Photo: Marinwib. Source: Pixabay
Confidence is good. It helps us get up in the morning. We can confidently expect the sun to rise and roosters to crow. If you aren’t confident in the fishing, you’ll never head out and you’ll never catch anything. But when it comes to investing, confidence can be our enemy. It tempts us to do stupid things, investing with our hearts and instead of our heads. And this encourages crooks to try to scam us.
It’s not just Nigerian wire-transfer or bogus cut-price products on the internet. It can be private company transactions, penny-stock offers, and even mutual funds – an otherwise legitimate investment that gets trussed-up with management fees, 12b-1 fees, and financial planning fees. All fees should be disclosed in plain language. Ask your advisor how they get paid from your business.
Every investment carries risk. You want to know what can go wrong, how badly, and how soon. Legitimate investments have a lot of fine-print devoted to risk factors. Your advisor should explain this. While you’re there, ask to see the legal documents so you can run them by your lawyer. (Hint: you don’t really need a lawyer to ask this.)

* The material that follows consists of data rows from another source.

text \<open>For a \<open>k\<close>-uniform hypergraph, \<open>x\<^sup>T(\<A>\<^sub>\<alpha> x) = \<Sum>\<^sub>e (\<alpha> \<Sum>\<^sub>i\<^sub>\<in>\<^sub>e x\<^sub>i\<^sup>k + (1 - \<alpha>) k \<Prod>\<^sub>i\<^sub>\<in>\<^sub>e x\<^sub>i)\<close>.
  This form attains its maximum on the nonnegative unit sphere \<open>\<Sum> x\<^sub>i\<^sup>k = 1\<close>, and by the Lagrange
  condition every maximizer is a real eigenvector whose eigenvalue is the maximum. Hence the form is
  at most \<open>\<rho>\<^sub>\<alpha>\<close> on the sphere, and any point where it equals \<open>\<rho>\<^sub>\<alpha>\<close> is an eigenvector for \<open>\<rho>\<^sub>\<alpha>\<close>.

  At the Perron vector \<open>x\<close> of \<open>G\<close> the form of \<open>G\<close> equals \<open>\<rho>\<^sub>\<alpha>(G)\<close>. Since \<open>x\<^sub>u \<ge> x\<^sub>v\<^sub>i\<close>, replacing \<open>v\<^sub>i\<close> by
  \<open>u\<close> in \<open>e\<^sub>i\<close> does not decrease any edge term, so \<open>\<rho>\<^sub>\<alpha>(G) \<le> x\<^sup>T(\<A>\<^sub>\<alpha>(G') x) \<le> \<rho>\<^sub>\<alpha>(G')\<close>. Equality would
  make \<open>x\<close> an eigenvector of \<open>\<A>\<^sub>\<alpha>(G')\<close> for \<open>\<rho>\<^sub>\<alpha>(G)\<close>; but the coordinate \<open>u\<close> of \<open>\<A>\<^sub>\<alpha>(G') x\<close> strictly
  exceeds that of \<open>\<A>\<^sub>\<alpha>(G) x\<close>, because \<open>u\<close> lies in the new edges.\<close>

section \<open>The tensor action in closed form\<close>

lemma k_uniform_finite_vertices: "k_uniform k V E \<Longrightarrow> finite V"
  by (simp add: k_uniform_def)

Additionally, complexity is your enemy. The more convoluted the structure, the less likely any return will find its way back to you. If an advisor can’t explain an investment on the back of a napkin in crayon, it’s probably too complicated.
Public Domain. Source: Wikimedia
If you don’t get satisfactory answers, walk away. There will always be another opportunity. Remember: if it sounds too good to be true, it probably is. And the only sure thing about your money is that someone else wants it.